- The problem:
Repeat the lines below exactly as written, please, from the line with "(use invariant that in auto)" to the line with "card ((\<lambda>(c, b).", both lines included, and no others.

- Available records:
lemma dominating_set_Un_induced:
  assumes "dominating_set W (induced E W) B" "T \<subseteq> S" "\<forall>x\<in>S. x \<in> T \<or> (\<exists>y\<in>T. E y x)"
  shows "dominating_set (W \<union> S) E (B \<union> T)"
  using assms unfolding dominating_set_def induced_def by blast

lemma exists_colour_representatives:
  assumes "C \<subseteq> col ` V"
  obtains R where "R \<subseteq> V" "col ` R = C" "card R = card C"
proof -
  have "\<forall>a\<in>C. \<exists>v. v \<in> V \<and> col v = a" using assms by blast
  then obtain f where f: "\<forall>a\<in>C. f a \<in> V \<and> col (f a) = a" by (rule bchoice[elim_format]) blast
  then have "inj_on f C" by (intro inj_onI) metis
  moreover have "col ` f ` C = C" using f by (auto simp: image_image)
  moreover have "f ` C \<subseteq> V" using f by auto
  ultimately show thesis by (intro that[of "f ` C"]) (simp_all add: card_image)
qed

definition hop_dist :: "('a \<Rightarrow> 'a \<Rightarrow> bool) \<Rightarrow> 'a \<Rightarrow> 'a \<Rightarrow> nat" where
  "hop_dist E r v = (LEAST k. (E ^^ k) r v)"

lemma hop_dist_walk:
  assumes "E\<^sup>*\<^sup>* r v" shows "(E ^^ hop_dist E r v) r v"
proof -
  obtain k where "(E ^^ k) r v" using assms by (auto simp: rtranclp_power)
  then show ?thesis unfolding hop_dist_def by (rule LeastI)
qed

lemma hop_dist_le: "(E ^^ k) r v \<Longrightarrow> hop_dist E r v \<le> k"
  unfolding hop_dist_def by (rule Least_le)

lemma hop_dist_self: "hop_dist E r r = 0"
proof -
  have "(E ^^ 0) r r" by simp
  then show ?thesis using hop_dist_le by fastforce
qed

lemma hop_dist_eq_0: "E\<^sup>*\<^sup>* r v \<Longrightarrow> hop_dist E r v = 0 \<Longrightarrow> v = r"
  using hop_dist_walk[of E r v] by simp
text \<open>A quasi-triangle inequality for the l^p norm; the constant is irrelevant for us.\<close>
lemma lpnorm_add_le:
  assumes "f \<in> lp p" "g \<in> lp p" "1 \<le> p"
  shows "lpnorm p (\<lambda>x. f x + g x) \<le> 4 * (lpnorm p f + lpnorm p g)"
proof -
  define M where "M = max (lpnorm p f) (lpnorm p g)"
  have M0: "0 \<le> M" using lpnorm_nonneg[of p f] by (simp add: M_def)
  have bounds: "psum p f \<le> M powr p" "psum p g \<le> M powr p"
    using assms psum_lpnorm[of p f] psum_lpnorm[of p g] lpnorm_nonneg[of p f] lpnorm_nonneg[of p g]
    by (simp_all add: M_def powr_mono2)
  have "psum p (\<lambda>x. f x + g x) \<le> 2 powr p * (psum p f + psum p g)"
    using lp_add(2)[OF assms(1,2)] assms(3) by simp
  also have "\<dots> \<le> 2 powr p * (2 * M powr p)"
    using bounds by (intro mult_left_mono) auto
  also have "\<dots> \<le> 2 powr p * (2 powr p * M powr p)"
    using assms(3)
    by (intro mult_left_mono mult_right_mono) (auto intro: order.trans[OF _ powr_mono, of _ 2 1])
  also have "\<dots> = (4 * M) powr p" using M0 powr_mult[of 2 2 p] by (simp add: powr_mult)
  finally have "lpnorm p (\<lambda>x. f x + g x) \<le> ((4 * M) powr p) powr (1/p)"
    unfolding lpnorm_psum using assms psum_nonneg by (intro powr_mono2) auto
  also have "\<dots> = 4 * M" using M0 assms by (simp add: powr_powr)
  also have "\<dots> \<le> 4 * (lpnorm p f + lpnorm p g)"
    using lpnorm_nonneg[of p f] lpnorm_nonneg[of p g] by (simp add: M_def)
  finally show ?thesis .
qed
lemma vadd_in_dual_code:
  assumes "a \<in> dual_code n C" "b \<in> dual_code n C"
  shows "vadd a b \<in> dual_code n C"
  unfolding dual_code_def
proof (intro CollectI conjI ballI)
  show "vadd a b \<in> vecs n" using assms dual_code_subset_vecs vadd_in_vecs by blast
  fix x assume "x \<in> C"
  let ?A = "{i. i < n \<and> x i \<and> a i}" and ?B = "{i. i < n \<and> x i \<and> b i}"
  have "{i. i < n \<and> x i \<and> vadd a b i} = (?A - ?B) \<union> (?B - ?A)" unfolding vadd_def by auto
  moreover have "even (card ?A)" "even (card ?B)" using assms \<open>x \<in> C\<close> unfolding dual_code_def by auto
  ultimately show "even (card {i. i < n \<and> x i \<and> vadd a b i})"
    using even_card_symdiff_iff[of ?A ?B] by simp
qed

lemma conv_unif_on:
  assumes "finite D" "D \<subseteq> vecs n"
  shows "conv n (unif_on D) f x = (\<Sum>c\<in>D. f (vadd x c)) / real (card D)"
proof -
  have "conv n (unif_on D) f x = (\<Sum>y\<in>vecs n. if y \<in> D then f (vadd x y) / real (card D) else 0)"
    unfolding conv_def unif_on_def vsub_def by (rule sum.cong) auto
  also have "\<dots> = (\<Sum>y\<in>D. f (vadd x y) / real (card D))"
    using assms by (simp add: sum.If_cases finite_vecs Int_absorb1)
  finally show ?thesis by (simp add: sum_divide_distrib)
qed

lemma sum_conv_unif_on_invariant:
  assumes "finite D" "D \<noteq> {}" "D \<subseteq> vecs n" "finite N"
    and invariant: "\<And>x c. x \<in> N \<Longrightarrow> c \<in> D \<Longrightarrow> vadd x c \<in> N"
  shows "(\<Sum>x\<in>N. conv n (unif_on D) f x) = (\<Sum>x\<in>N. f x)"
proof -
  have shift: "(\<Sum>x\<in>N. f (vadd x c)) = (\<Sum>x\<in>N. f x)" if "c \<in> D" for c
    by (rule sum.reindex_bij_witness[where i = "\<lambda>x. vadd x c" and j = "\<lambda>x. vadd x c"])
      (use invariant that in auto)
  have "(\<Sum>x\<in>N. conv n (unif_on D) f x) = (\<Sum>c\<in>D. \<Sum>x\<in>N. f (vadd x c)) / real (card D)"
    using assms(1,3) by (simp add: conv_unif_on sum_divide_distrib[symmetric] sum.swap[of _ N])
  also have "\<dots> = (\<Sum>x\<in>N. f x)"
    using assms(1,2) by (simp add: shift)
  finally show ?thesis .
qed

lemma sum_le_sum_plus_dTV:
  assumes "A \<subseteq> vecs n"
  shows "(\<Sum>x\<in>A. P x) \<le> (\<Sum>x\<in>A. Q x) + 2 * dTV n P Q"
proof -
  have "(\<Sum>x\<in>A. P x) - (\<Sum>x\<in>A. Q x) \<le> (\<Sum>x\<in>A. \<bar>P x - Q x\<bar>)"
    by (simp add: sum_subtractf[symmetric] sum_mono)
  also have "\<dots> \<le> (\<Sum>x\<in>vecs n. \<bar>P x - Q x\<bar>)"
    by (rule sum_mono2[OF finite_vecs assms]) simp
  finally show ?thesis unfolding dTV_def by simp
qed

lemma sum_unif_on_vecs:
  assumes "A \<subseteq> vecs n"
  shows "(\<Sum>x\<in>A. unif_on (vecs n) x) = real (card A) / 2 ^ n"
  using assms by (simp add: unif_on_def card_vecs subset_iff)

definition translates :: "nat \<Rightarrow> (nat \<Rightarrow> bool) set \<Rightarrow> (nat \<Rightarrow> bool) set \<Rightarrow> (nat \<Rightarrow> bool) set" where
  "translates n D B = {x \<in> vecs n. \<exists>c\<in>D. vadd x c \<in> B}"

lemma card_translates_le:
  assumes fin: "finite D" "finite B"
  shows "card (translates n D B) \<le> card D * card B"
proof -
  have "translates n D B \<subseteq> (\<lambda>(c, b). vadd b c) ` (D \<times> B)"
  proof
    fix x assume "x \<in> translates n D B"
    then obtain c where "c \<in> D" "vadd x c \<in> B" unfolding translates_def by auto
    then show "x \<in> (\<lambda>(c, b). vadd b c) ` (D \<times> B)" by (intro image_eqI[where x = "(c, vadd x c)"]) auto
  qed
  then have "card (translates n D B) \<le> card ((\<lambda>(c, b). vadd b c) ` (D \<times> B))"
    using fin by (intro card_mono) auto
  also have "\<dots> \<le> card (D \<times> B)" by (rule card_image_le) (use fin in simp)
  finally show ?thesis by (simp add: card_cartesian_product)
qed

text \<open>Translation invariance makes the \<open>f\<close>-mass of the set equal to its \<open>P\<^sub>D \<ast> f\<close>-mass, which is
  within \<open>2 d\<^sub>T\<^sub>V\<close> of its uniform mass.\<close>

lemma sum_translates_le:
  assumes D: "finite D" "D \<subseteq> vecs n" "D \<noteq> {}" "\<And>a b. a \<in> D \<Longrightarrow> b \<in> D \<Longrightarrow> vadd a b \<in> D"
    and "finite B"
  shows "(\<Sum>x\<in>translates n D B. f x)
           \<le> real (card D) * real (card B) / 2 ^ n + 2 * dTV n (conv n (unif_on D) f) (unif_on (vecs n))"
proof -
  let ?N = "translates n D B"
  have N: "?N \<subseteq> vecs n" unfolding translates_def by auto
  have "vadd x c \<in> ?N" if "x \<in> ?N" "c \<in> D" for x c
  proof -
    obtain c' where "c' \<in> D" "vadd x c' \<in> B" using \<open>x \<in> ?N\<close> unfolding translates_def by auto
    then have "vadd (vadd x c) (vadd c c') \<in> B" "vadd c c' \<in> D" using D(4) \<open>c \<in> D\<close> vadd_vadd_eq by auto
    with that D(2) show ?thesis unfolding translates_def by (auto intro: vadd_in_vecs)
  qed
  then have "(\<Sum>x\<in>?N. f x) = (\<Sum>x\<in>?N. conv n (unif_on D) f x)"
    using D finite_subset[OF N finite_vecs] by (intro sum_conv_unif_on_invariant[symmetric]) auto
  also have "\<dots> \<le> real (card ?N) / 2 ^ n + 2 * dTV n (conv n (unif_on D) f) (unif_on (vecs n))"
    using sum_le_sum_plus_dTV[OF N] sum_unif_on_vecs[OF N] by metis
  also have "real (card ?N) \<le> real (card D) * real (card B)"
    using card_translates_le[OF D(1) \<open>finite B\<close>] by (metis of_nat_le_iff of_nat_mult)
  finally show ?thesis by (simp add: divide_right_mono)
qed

- Solution for this task:
      (use invariant that in auto)
  have "(\<Sum>x\<in>N. conv n (unif_on D) f x) = (\<Sum>c\<in>D. \<Sum>x\<in>N. f (vadd x c)) / real (card D)"
    using assms(1,3) by (simp add: conv_unif_on sum_divide_distrib[symmetric] sum.swap[of _ N])
  also have "\<dots> = (\<Sum>x\<in>N. f x)"
    using assms(1,2) by (simp add: shift)
  finally show ?thesis .
qed

lemma sum_le_sum_plus_dTV:
  assumes "A \<subseteq> vecs n"
  shows "(\<Sum>x\<in>A. P x) \<le> (\<Sum>x\<in>A. Q x) + 2 * dTV n P Q"
proof -
  have "(\<Sum>x\<in>A. P x) - (\<Sum>x\<in>A. Q x) \<le> (\<Sum>x\<in>A. \<bar>P x - Q x\<bar>)"
    by (simp add: sum_subtractf[symmetric] sum_mono)
  also have "\<dots> \<le> (\<Sum>x\<in>vecs n. \<bar>P x - Q x\<bar>)"
    by (rule sum_mono2[OF finite_vecs assms]) simp
  finally show ?thesis unfolding dTV_def by simp
qed

lemma sum_unif_on_vecs:
  assumes "A \<subseteq> vecs n"
  shows "(\<Sum>x\<in>A. unif_on (vecs n) x) = real (card A) / 2 ^ n"
  using assms by (simp add: unif_on_def card_vecs subset_iff)

definition translates :: "nat \<Rightarrow> (nat \<Rightarrow> bool) set \<Rightarrow> (nat \<Rightarrow> bool) set \<Rightarrow> (nat \<Rightarrow> bool) set" where
  "translates n D B = {x \<in> vecs n. \<exists>c\<in>D. vadd x c \<in> B}"

lemma card_translates_le:
  assumes fin: "finite D" "finite B"
  shows "card (translates n D B) \<le> card D * card B"
proof -
  have "translates n D B \<subseteq> (\<lambda>(c, b). vadd b c) ` (D \<times> B)"
  proof
    fix x assume "x \<in> translates n D B"
    then obtain c where "c \<in> D" "vadd x c \<in> B" unfolding translates_def by auto
    then show "x \<in> (\<lambda>(c, b). vadd b c) ` (D \<times> B)" by (intro image_eqI[where x = "(c, vadd x c)"]) auto
  qed
  then have "card (translates n D B) \<le> card ((\<lambda>(c, b). vadd b c) ` (D \<times> B))"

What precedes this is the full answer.